Auffallend sind jedoch folgende Punkte:
Die Gruppendiskussion und Einzelinterviews mit den ehemaligen
Schülern nehmen in der Auswertung den breitesten Raum ein. Dies mag
daran liegen, dass sie auch quantitativ in der Erhebung dominieren,
lässt jedoch auch kritische Nachfragen hinsichtlich des
Aussagewertes der intergenerationellen Perspektive zu.

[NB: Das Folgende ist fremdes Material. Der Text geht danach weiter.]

lemma card_crossing_edges: "card crossing_edges \<le> 3 * card A"
  unfolding crossing_edges_def
proof (rule card_UN_image_le[OF finite_A])
  have "finite S" using S_subset finite_A by (rule finite_subset)
  then show "finite {C\<in>S. crossing h C \<noteq> {}}" for h by simp
  fix h assume h: "h \<in> A"
  have "{C\<in>S. crossing h C \<noteq> {}} \<subseteq> {C\<in>S. {lo C..hi C} \<inter> {lo h..hi h} \<noteq> {}}"
  proof
    fix C assume "C \<in> {C\<in>S. crossing h C \<noteq> {}}"
    then obtain q where "C \<in> S" "q \<in> crossing h C" by blast
    then have "pos q \<in> {lo C..hi C} \<inter> {lo h..hi h}"
      using anchor_covered[OF crossing_covered[OF h]] unfolding crossing_def by auto
    then show "C \<in> {C\<in>S. {lo C..hi C} \<inter> {lo h..hi h} \<noteq> {}}" using \<open>C \<in> S\<close> by blast
  qed
  then have "card {C\<in>S. crossing h C \<noteq> {}} \<le> card {C\<in>S. {lo C..hi C} \<inter> {lo h..hi h} \<noteq> {}}"
    using \<open>finite S\<close> by (intro card_mono) auto
  then show "card {C\<in>S. crossing h C \<noteq> {}} \<le> 3" using sparse[OF h] by linarith
qed

lemma edges_subset:
  "anchor_edges \<union> crossing_edges \<subseteq> {{h, p} | h p. h \<in> A \<and> p \<in> B \<and> pos p \<in> {lo h..hi h}}"
proof
  fix e assume "e \<in> anchor_edges \<union> crossing_edges"
  then consider p where "p \<in> covered" "e = {anchor p, p}"
    | h C where "h \<in> A" "crossing h C \<noteq> {}" "e = {h, SOME q. q \<in> crossing h C}"
    unfolding anchor_edges_def crossing_edges_def by blast
  then show "e \<in> {{h, p} | h p. h \<in> A \<and> p \<in> B \<and> pos p \<in> {lo h..hi h}}"
  proof cases
    case 1
    then show ?thesis
      unfolding mem_Collect_eq using anchor_covered[of p] S_subset
      by (intro exI[of _ "anchor p"] exI[of _ p]) (auto simp: covered_def)
  next
    case 2
    then have "(SOME q. q \<in> crossing h C) \<in> crossing h C" by (simp add: some_in_eq)
    with 2 show ?thesis
      unfolding mem_Collect_eq
      by (intro exI[of _ h] exI[of _ "SOME q. q \<in> crossing h C"]) (simp add: crossing_def)
  qed
qed

lemma hop_connected_incident:
  assumes hp: "h \<in> A" "p \<in> B" "pos p \<in> {lo h..hi h}"
  shows "hop_connected (anchor_edges \<union> crossing_edges) 3 h p"
proof -
  let ?H = "anchor_edges \<union> crossing_edges"
  define C where "C = anchor p"
  define q where "q = (SOME q. q \<in> crossing h C)"
  have "p \<in> crossing h C" using hp unfolding crossing_def C_def by simp
  then have q: "q \<in> crossing h C" unfolding q_def by (rule someI)
  have "p \<in> covered" using hp unfolding covered_def by blast
  have "q \<in> covered" using crossing_covered[OF hp(1) q] .
  have "C \<in> S" using anchor_covered[OF \<open>p \<in> covered\<close>] unfolding C_def ..
  have "anchor q = C" using q unfolding crossing_def by simp
  have "{h, q} \<in> crossing_edges"
    unfolding crossing_edges_def using hp \<open>C \<in> S\<close> q unfolding q_def by blast
  then have "hop_connected ?H 1 h q" unfolding hop_connected_1 by simp
  have "{anchor q, q} \<in> anchor_edges" "{anchor p, p} \<in> anchor_edges"
    unfolding anchor_edges_def using \<open>p \<in> covered\<close> \<open>q \<in> covered\<close> by simp_all
  then have "hop_connected ?H 1 q C" "hop_connected ?H 1 C p"
    unfolding hop_connected_1 \<open>anchor q = C\<close> C_def by (simp_all add: insert_commute)
  then have "hop_connected ?H 2 q p" by (rule hop_connected_2I)
  from hop_connected_trans[OF \<open>hop_connected ?H 1 h q\<close> this] show ?thesis
    by (simp add: numeral_3_eq_3)
qed

end

lemma interval_point_hop_spanner:
  fixes A B :: "'v set" and lo hi pos :: "'v \<Rightarrow> 'a::linorder"
  assumes "finite A" and "finite B"
  shows "\<exists>H. is_hop_spanner {{h, p} | h p. h \<in> A \<and> p \<in> B \<and> pos p \<in> {lo h..hi h}} H 3 \<and>
             card H \<le> card B + 3 * card A"
proof -
  obtain S where cover: "interval_cover A lo hi S"
    and sparse: "\<forall>h\<in>A. card {C\<in>S. {lo C..hi C} \<inter> {lo h..hi h} \<noteq> {}} \<le> 3"
    using sparse_interval_cover_exists[OF assms(1)] by blast
  define anchor where "anchor p = (SOME C. C \<in> S \<and> pos p \<in> {lo C..hi C})" for p
  interpret anchored_interval_cover A B S lo hi pos anchor
  proof
    show "S \<subseteq> A" using cover unfolding interval_cover_def by blast
    fix h p assume "h \<in> A" "p \<in> B" "pos p \<in> {lo h..hi h}"
    then have "\<exists>C. C \<in> S \<and> pos p \<in> {lo C..hi C}"
      using cover unfolding interval_cover_def by blast
    then show "anchor p \<in> S \<and> pos p \<in> {lo (anchor p)..hi (anchor p)}"
      unfolding anchor_def by (rule someI_ex)
  qed (use assms sparse in auto)
  have "is_hop_spanner {{h, p} | h p. h \<in> A \<and> p \<in> B \<and> pos p \<in> {lo h..hi h}}
          (anchor_edges \<union> crossing_edges) 3"
    by (rule is_hop_spanner_relI[OF edges_subset]) (blast intro: hop_connected_incident)
  moreover have "card (anchor_edges \<union> crossing_edges) \<le> card B + 3 * card A"
    using card_Un_le[of anchor_edges crossing_edges] card_anchor_edges card_crossing_edges
    by linarith
  ultimately show ?thesis by blast
qed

Katharina Rothe reflektiert zwar ihre eigenen Affekte und bezieht
diese in die Auswertung ein - dabei wird aber deutlich, dass sie in
der Regel konfrontativ vorgeht, d.h. an der Evozierung der Schuld-,
Scham- und Abwehrgefühle elementar beteiligt ist. Diese eigene
Position fällt bereits im ersten Satz des Buchtextes auf, in dem
die Autorin vom »Zivilisationsbruch Auschwitz« schreibt. Es ist
insofern denkbar, dass die Äußerungen der Interviewten anders
ausgefallen wären, wenn von Seiten der Interviewenden andere
Positionen eingenommen worden wären.
Die Möglichkeiten der Brechung des scheinbar dominanten
Abwehrdiskurses erscheinen eher gering. Auch wenn das
Interviewmaterial dies nahe legt, stellt sich doch die Frage, wie
angesichts dieser scheinbar kaum aufgearbeiteten Geschichte eine
zunehmende Anerkennung und Aufnahme in den gesellschaftlichen
Diskurs möglich ist.
Eine Kontextualisierung durch Heranziehen von Ergebnissen anderer
Disziplinen findet weitgehend nicht statt. Noch erstaunlicher ist,
dass wichtige Ergebnisse aus der eigenen Disziplin nicht auftauchen
- verdrängt wurden? So fehlen u.a. die Arbeiten von Dan Bar-On und
Gudrun Brockhaus in der Erarbeitung des Forschungsstandes und den
Auswertungen. Gleichzeitig findet eine enge Anlehnung an
»traditionelle« psychoanalytische Ansätze statt, so dass sich
bisweilen der Eindruck einstellt, hier gehe es darum, diese
nachträglich empirisch zu belegen.
Fazit
Das Buch ist in methodischer Hinsicht interessant, da die Autorin
ihre Herangehensweisen klar und nachvollziehbar beschreibt und auch
Grenzen des Vorgehens benennt. Interessant sind auch die
Interviewpassagen, deren psychoanalytisch geleitete Interpretation
und die systematische Verknüpfung mit den eigenen Affekten der
Interviewerin. Insofern gelingt Katharina Rothe eine interessante
Verknüpfung von Methodik und Gegenstand. Zwar werden keine »neuen«
Erkenntnisse über den Umgang mit dem Nationalsozialismus erlangt,
aber dessen Manifestation im Bewussten und vor allem Unbewussten
herausgearbeitet. Dabei wird jedoch der intergenerationellen
Perspektive vergleichsweise nur wenig Raum geschenkt. Problematisch
erscheinen mir zudem fehlende Kontexualisierung mit Ergebnissen
anderer Disziplinen bzw. auch Ergebnissen anderer
psychologisch-analytischer Untersuchungen.